Больше всего ему сейчас хотелось даже не умереть, а вовсе никогда не рождаться на этот свет.

— Ты можешь посмотреть мне в глаза и сказать, что орден тебе не нужен?

Повисло молчание.

«Если рубить все и сразу, то рубить сейчас. Но это та грань, за которую я еще не готов зайти. Пока — не готов».

— Не знаю.

— Будешь знать — ты в курсе, как меня найти.

Скрипнула резина, чуть слышно загудел мотор, зашуршала гранитная крошка под колесами — и через полминуты все стихло. Осталась только одна мысль: «Кого я только что убил?»

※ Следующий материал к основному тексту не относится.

(* Consider a single advertising slot sold by the following hybrid auction. Each advertiser $j$ submits a bid pair $(m_j, c_j)$ with $m_j, c_j \ge 0$ (a per-impression bid and a per-click bid). The auctioneer has, for each advertiser $j$, a value $q_j > 0$ (the auctioneer index) that does not depend on any bids. The effective bid of advertiser $j$ is $R_j = \max(m_j, c_j q_j)$. The advertiser $j^*$ with the highest effective bid wins the slot; let $R_{-j^*}$ denote the highest effective bid among the other advertisers. If $m_{j^*} > c_{j^*} q_{j^*}$, the winner pays $R_{-j^*}$ per impression; otherwise the winner pays $R_{-j^*}/q_{j^*}$ per click. Let advertiser $j$ have true value $v_j > 0$ per click, and let $\mathcal{P}_j$ be advertiser $j$'s belief (prior distribution) about its click-through probability, with mean $p_j = \mathbb{E}[\mathcal{P}_j] > 0$. Suppose advertiser $j$ is myopic and risk-neutral, i.e. it maximizes its expected profit in the current step, where if it wins it receives expected value $p_j v_j$ and pays either the per-impression price or $p_j$ times the per-click price. Then, regardless of the value of $q_j$, bidding $(v_j p_j, v_j)$ is a strongly dominant strategy for advertiser $j$: for every $q_j>0$ and every value of the highest competing effective bid, it yields expected profit at least as large as any other bid pair, and for every other bid pair $(m_j,c_j)$ there exist values of $q_j$ and of the highest competing effective bid for which $(m_j,c_j)$ yields strictly smaller expected profit than $(v_j p_j, v_j)$.
   Context: Single-slot auction; all notation is defined in the claim. Expected profit of a losing advertiser is $0$. *)

theory Defs
  imports Main "HOL.Real"
begin

definition eff_bid :: "real \<Rightarrow> real \<Rightarrow> real \<Rightarrow> real" where
  "eff_bid q m c = max m (c * q)"

text \<open>Expected (myopic, risk-neutral) profit of advertiser j with value v per click
  and mean click-through belief p, bidding (m, c), given auctioneer index q and
  highest competing effective bid r.  The advertiser wins iff its effective bid
  strictly exceeds r (ties are lost; losing gives profit 0).\<close>
definition exp_profit ::
  "real \<Rightarrow> real \<Rightarrow> real \<Rightarrow> real \<Rightarrow> real \<Rightarrow> real \<Rightarrow> real" where
  "exp_profit v p q r m c =
     (if eff_bid q m c > r then
        (if m > c * q then p * v - r else p * v - p * (r / q))
      else 0)"

end

theory Submission
  imports Defs
begin

text \<open>A winning advertiser's expected profit is either \<open>p v - r\<close> (impression price) or
  \<open>p v - p r / q\<close> (click price), and a loser's is \<open>0\<close>.  The truthful bid always lands on the
  best of these three outcomes: its effective bid \<open>max (v p) (v q)\<close> selects the cheaper
  payment mode (impressions iff \<open>q < p\<close>) and exceeds \<open>r\<close> exactly when that mode is
  profitable.  Conversely, any other bid has, for a suitable \<open>q\<close>, an effective bid different
  from the truthful one; a competing bid strictly between the two then makes it either lose a
  profitable slot or win an unprofitable one.\<close>

lemma exp_profit_le_best_outcome:
  "exp_profit v p q r m c \<le> max 0 (max (p * v - r) (p * v - p * (r / q)))"
  unfolding exp_profit_def by auto

lemma exp_profit_truthful:
  fixes v p q r :: real
  assumes "v > 0" "p > 0" "q > 0" "r \<ge> 0"
  shows "exp_profit v p q r (v * p) v = max 0 (max (p * v - r) (p * v - p * (r / q)))"
proof (cases "q < p")
  case True
  then have "p * (r / q) \<ge> r"
    using assms by (simp add: le_divide_eq mult_right_mono mult.commute)
  moreover have "v * q < v * p" using True assms by simp
  ultimately show ?thesis
    unfolding exp_profit_def eff_bid_def by (auto simp: max_def mult.commute)
next
  case False
  then have "p * (r / q) \<le> r"
    using assms by (simp add: divide_le_eq mult_right_mono mult.commute)
  moreover have "r < v * q \<longleftrightarrow> p * (r / q) < p * v"
    using assms by (simp add: divide_less_eq mult.commute)
  moreover have "v * p \<le> v * q" using False assms by simp
  ultimately show ?thesis
    unfolding exp_profit_def eff_bid_def by (auto simp: max_def mult.commute)
qed

lemma exp_profit_le_truthful:
  fixes v p q r m c :: real
  assumes "v > 0" "p > 0" "q > 0" "r \<ge> 0"
  shows "exp_profit v p q r m c \<le> exp_profit v p q r (v * p) v"
  using exp_profit_le_best_outcome exp_profit_truthful[OF assms] by simp

lemma exp_profit_lt_truthful_if_outbid:
  fixes v p q r m c :: real
  assumes "p > 0" "q > 0"
    and "eff_bid q m c \<le> r" "r < eff_bid q (v * p) v"
  shows "exp_profit v p q r m c < exp_profit v p q r (v * p) v"
proof -
  have "r < v * q \<Longrightarrow> p * (r / q) < p * v"
    using assms by (simp add: divide_less_eq mult.commute)
  then show ?thesis
    using assms unfolding exp_profit_def eff_bid_def by (auto simp: max_def mult.commute)
qed

lemma exp_profit_lt_truthful_if_overbid:
  fixes v p q r m c :: real
  assumes "p > 0" "q > 0"
    and "eff_bid q (v * p) v < r" "r < eff_bid q m c"
  shows "exp_profit v p q r m c < exp_profit v p q r (v * p) v"
proof -
  have "v * p < r" using assms by (simp add: eff_bid_def)
  have "v < r / q" using assms by (simp add: eff_bid_def less_divide_eq mult.commute)
  then have "p * v < p * (r / q)" using \<open>p > 0\<close> by (rule mult_strict_left_mono)
  with \<open>v * p < r\<close> have "exp_profit v p q r m c < 0"
    using assms(4) by (simp add: exp_profit_def mult.commute)
  moreover have "exp_profit v p q r (v * p) v = 0"
    using assms(3) by (simp add: exp_profit_def)
  ultimately show ?thesis by simp
qed

lemma eff_bid_differs_from_truthful:
  fixes v p m c :: real
  assumes "v > 0" "p > 0" "m \<ge> 0" "(m, c) \<noteq> (v * p, v)"
  obtains q where "q > 0" "eff_bid q m c \<noteq> eff_bid q (v * p) v"
proof (cases "c = v")
  case True
  \<comment> \<open>With \<open>q < p\<close> the truthful effective bid is \<open>v p\<close>, while \<open>max m (v q) = v p\<close> would force \<open>m = v p\<close>.\<close>
  have "v * (p / 2) < v * p" using assms by simp
  then have "max m (c * (p / 2)) \<noteq> max (v * p) (v * (p / 2))"
    using True assms by (auto simp: max_def)
  then show ?thesis using that[of "p / 2"] assms by (simp add: eff_bid_def)
next
  case False
  \<comment> \<open>For \<open>q\<close> this large the truthful effective bid is \<open>v q\<close>, which exceeds \<open>m\<close> and differs from \<open>c q\<close>.\<close>
  define q where "q = 1 + p + m / v"
  have "q > 0" using assms by (simp add: q_def add_pos_nonneg)
  have "v * q = v + v * p + m" using assms by (simp add: q_def distrib_left)
  moreover have "v * p > 0" using assms by simp
  ultimately have "m < v * q" "v * p < v * q" using assms by linarith+
  moreover have "c * q \<noteq> v * q" using False \<open>q > 0\<close> by simp
  ultimately have "max m (c * q) \<noteq> max (v * p) (v * q)"
    using assms by (auto simp: max_def)
  then show ?thesis using that[of q] \<open>q > 0\<close> by (simp add: eff_bid_def)
qed

lemma exists_exp_profit_lt_truthful:
  fixes v p m c :: real
  assumes "v > 0" "p > 0" "m \<ge> 0" "(m, c) \<noteq> (v * p, v)"
  shows "\<exists>q r. q > 0 \<and> r \<ge> 0 \<and> exp_profit v p q r m c < exp_profit v p q r (v * p) v"
proof -
  obtain q where "q > 0" and differ: "eff_bid q m c \<noteq> eff_bid q (v * p) v"
    using eff_bid_differs_from_truthful assms by blast
  have eff_nonneg: "eff_bid q m c \<ge> 0" "eff_bid q (v * p) v \<ge> 0"
    using assms \<open>q > 0\<close> by (auto simp: eff_bid_def max_def)
  consider "eff_bid q m c < eff_bid q (v * p) v" | "eff_bid q (v * p) v < eff_bid q m c"
    using differ by linarith
  then show ?thesis
  proof cases
    case 1
    then show ?thesis
      using exp_profit_lt_truthful_if_outbid[of p q m c "eff_bid q m c" v] assms \<open>q > 0\<close> eff_nonneg
      by auto
  next
    case 2
    define r where "r = (eff_bid q (v * p) v + eff_bid q m c) / 2"
    have "eff_bid q (v * p) v < r" "r < eff_bid q m c" using 2 by (simp_all add: r_def)
    then show ?thesis
      using exp_profit_lt_truthful_if_overbid[of p q v r m c] assms \<open>q > 0\<close> eff_nonneg
      by (intro exI[of _ q] exI[of _ r]) auto
  qed
qed

theorem theorem1:
  fixes v p :: real
  assumes "v > 0" and "p > 0"
  shows "(\<forall>q r m c. q > 0 \<longrightarrow> r \<ge> 0 \<longrightarrow> m \<ge> 0 \<longrightarrow> c \<ge> 0 \<longrightarrow>
            exp_profit v p q r m c \<le> exp_profit v p q r (v * p) v)
       \<and> (\<forall>m c. m \<ge> 0 \<longrightarrow> c \<ge> 0 \<longrightarrow> (m, c) \<noteq> (v * p, v) \<longrightarrow>
            (\<exists>q r. q > 0 \<and> r \<ge> 0 \<and>
               exp_profit v p q r m c < exp_profit v p q r (v * p) v))"
  using exp_profit_le_truthful[OF assms] exists_exp_profit_lt_truthful[OF assms] by blast

end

Он вернулся в деревню под утро. Поставил Солнечного в конюшню, автоматически развесил амуницию, задал овса, проверил, все ли в порядке, и пошел к дому. Во дворе остановился, огляделся — здесь каждый сантиметр земли был его. Не принадлежал, просто был его. Земля, трава, дом, хозяйственные пристройки, квохчущие в курятнике птицы, старая телега, на которой надо было менять колеса, согнувшаяся под тяжестью плодов старая яблоня… Все это было его. Он тихо вошел в дом, открыл чулан, достал хлеб, два кольца колбасы, четверть круга сыра и кусочек масла, сложил в мешок, вышел на крыльцо, остановился. На востоке медленно и величаво поднималось солнце, заливая золотым и розовым бледное небо. Невдалеке темнел лес, из которого он вышел два с лишним года назад — едва живой, никому не нужный, и неожиданно оказавшийся нужным здесь. От дома было не слышно, но он знал, что на поле шелестит еще не пожатая рожь, прекрасная рожь, колосок к колоску, в этом году рожь на славу… Тихо ступая, на крыльцо вышла Олеся, закутанная в простыню. Встала рядом, обняла, с тревогой заглянула в глаза.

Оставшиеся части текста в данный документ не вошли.